> **ACTIVITY**: The line with "using binom_m32_nonneg[of m']" marks where to begin. Please copy it and each line after it to the end of the records below, exactly.

BEGIN RAW DATA

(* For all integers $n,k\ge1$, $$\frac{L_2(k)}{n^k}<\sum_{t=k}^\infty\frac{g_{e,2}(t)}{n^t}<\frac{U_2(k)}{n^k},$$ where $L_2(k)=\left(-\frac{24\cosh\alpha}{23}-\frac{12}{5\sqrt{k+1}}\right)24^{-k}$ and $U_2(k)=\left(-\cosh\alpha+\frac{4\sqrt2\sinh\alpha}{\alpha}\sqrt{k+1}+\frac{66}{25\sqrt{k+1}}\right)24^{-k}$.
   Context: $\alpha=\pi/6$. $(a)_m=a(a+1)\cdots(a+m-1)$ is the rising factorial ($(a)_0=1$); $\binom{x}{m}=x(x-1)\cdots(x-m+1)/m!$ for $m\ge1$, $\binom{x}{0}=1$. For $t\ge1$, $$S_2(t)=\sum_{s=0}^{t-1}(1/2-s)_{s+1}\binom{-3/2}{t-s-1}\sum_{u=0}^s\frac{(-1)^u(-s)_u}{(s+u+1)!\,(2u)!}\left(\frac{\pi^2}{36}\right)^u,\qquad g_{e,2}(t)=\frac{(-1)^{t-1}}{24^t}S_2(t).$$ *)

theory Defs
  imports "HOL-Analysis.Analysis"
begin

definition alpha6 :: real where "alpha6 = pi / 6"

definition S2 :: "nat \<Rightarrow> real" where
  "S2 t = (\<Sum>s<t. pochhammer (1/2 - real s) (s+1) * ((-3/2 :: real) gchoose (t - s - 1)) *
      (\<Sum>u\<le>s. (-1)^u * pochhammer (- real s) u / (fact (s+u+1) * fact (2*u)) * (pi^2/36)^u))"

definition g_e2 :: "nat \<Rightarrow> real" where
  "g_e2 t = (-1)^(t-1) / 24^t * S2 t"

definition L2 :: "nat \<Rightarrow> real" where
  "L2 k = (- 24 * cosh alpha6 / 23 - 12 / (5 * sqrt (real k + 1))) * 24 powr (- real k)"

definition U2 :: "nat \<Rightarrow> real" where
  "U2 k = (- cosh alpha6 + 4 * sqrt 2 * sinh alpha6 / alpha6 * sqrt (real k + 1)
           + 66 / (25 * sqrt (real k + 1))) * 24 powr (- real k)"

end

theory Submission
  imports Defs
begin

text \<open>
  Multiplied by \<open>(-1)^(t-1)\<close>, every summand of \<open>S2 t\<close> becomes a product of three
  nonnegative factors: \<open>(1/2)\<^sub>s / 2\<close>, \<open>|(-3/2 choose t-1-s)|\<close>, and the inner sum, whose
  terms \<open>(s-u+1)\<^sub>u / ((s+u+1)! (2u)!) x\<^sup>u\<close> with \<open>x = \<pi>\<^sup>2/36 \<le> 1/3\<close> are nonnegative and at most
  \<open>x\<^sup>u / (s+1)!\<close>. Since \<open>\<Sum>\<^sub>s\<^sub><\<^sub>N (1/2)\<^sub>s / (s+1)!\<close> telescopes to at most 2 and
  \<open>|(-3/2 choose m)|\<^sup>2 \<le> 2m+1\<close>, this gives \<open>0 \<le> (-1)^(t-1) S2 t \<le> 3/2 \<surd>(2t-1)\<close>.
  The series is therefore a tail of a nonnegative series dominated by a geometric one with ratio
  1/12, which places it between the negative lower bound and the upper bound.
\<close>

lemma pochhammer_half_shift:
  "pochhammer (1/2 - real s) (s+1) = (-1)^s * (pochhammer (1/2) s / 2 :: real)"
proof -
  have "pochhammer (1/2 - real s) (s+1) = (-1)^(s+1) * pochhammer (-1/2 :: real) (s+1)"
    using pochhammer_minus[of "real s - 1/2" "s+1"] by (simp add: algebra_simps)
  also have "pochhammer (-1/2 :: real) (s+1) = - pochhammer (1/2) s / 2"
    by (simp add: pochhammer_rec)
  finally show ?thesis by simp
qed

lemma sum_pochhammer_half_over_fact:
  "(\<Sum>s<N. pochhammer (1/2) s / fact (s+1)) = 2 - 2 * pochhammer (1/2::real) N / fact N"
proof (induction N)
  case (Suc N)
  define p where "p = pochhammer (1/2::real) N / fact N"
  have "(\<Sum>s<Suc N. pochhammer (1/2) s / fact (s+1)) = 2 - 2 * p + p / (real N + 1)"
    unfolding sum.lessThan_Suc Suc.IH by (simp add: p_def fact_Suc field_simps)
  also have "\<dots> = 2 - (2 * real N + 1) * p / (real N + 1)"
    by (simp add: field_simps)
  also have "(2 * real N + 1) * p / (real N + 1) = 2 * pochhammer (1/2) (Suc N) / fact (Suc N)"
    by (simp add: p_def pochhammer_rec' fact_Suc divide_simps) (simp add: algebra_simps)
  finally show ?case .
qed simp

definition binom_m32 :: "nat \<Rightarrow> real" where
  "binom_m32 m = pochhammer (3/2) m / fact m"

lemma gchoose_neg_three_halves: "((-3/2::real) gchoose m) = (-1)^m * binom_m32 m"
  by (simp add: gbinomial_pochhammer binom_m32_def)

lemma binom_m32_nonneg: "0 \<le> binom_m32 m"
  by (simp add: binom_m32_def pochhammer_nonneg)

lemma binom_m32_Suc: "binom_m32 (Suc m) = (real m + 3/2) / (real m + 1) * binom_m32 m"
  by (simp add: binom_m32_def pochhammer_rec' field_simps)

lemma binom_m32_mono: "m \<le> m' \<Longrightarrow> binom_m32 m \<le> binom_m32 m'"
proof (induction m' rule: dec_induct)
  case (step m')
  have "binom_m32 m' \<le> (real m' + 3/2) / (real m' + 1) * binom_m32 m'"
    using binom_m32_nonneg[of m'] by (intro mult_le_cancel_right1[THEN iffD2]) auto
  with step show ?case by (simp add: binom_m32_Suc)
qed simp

END RAW DATA

> **RESPONSE BELOW**:
    using binom_m32_nonneg[of m'] by (intro mult_le_cancel_right1[THEN iffD2]) auto
  with step show ?case by (simp add: binom_m32_Suc)
qed simp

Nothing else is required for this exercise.